**What is needed:**
The output should be limited to the line holding "using entry_edge_cases[of F] by metis" and the lines after it through the end of the entries, each restated exactly.

****************************************

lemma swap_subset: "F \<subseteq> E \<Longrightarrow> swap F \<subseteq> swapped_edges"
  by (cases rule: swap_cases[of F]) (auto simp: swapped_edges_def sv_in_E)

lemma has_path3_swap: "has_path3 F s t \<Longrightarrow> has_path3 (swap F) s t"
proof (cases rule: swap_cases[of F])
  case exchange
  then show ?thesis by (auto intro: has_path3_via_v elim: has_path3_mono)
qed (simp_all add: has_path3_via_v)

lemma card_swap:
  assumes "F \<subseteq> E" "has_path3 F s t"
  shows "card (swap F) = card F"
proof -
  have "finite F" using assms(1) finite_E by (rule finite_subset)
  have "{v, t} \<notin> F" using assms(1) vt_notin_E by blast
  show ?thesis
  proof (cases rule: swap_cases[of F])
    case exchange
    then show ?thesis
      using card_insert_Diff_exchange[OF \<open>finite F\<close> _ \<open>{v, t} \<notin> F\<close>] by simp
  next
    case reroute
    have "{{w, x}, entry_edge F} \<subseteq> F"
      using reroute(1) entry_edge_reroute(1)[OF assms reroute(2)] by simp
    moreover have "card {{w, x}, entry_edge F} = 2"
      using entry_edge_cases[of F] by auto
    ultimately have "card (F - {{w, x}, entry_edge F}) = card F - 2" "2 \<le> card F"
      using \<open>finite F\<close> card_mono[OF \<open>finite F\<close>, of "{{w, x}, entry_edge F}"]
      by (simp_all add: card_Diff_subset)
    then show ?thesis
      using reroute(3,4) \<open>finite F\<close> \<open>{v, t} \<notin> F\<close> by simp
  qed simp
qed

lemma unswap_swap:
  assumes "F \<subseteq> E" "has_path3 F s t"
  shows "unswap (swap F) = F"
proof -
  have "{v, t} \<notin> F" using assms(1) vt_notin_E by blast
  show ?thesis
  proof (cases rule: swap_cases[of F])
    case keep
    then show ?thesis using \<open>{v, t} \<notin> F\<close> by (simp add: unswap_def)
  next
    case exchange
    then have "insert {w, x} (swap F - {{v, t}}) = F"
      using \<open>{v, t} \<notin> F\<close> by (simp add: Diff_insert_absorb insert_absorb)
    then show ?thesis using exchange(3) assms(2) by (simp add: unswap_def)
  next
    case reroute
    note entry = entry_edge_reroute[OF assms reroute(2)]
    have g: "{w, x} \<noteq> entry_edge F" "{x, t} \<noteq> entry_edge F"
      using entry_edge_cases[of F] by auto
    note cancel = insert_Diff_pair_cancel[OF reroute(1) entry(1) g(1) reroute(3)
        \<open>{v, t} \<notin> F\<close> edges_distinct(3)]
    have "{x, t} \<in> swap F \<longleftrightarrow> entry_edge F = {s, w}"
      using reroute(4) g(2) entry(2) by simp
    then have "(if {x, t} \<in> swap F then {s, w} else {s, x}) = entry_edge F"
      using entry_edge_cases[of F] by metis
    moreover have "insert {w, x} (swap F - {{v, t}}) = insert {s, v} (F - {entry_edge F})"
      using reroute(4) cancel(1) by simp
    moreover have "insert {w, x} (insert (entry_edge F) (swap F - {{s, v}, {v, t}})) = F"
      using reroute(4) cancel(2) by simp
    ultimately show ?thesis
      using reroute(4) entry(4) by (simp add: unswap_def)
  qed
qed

****************************************

**Your solution:**
      using entry_edge_cases[of F] by metis
    moreover have "insert {w, x} (swap F - {{v, t}}) = insert {s, v} (F - {entry_edge F})"
      using reroute(4) cancel(1) by simp
    moreover have "insert {w, x} (insert (entry_edge F) (swap F - {{s, v}, {v, t}})) = F"
      using reroute(4) cancel(2) by simp
    ultimately show ?thesis
      using reroute(4) entry(4) by (simp add: unswap_def)
  qed
qed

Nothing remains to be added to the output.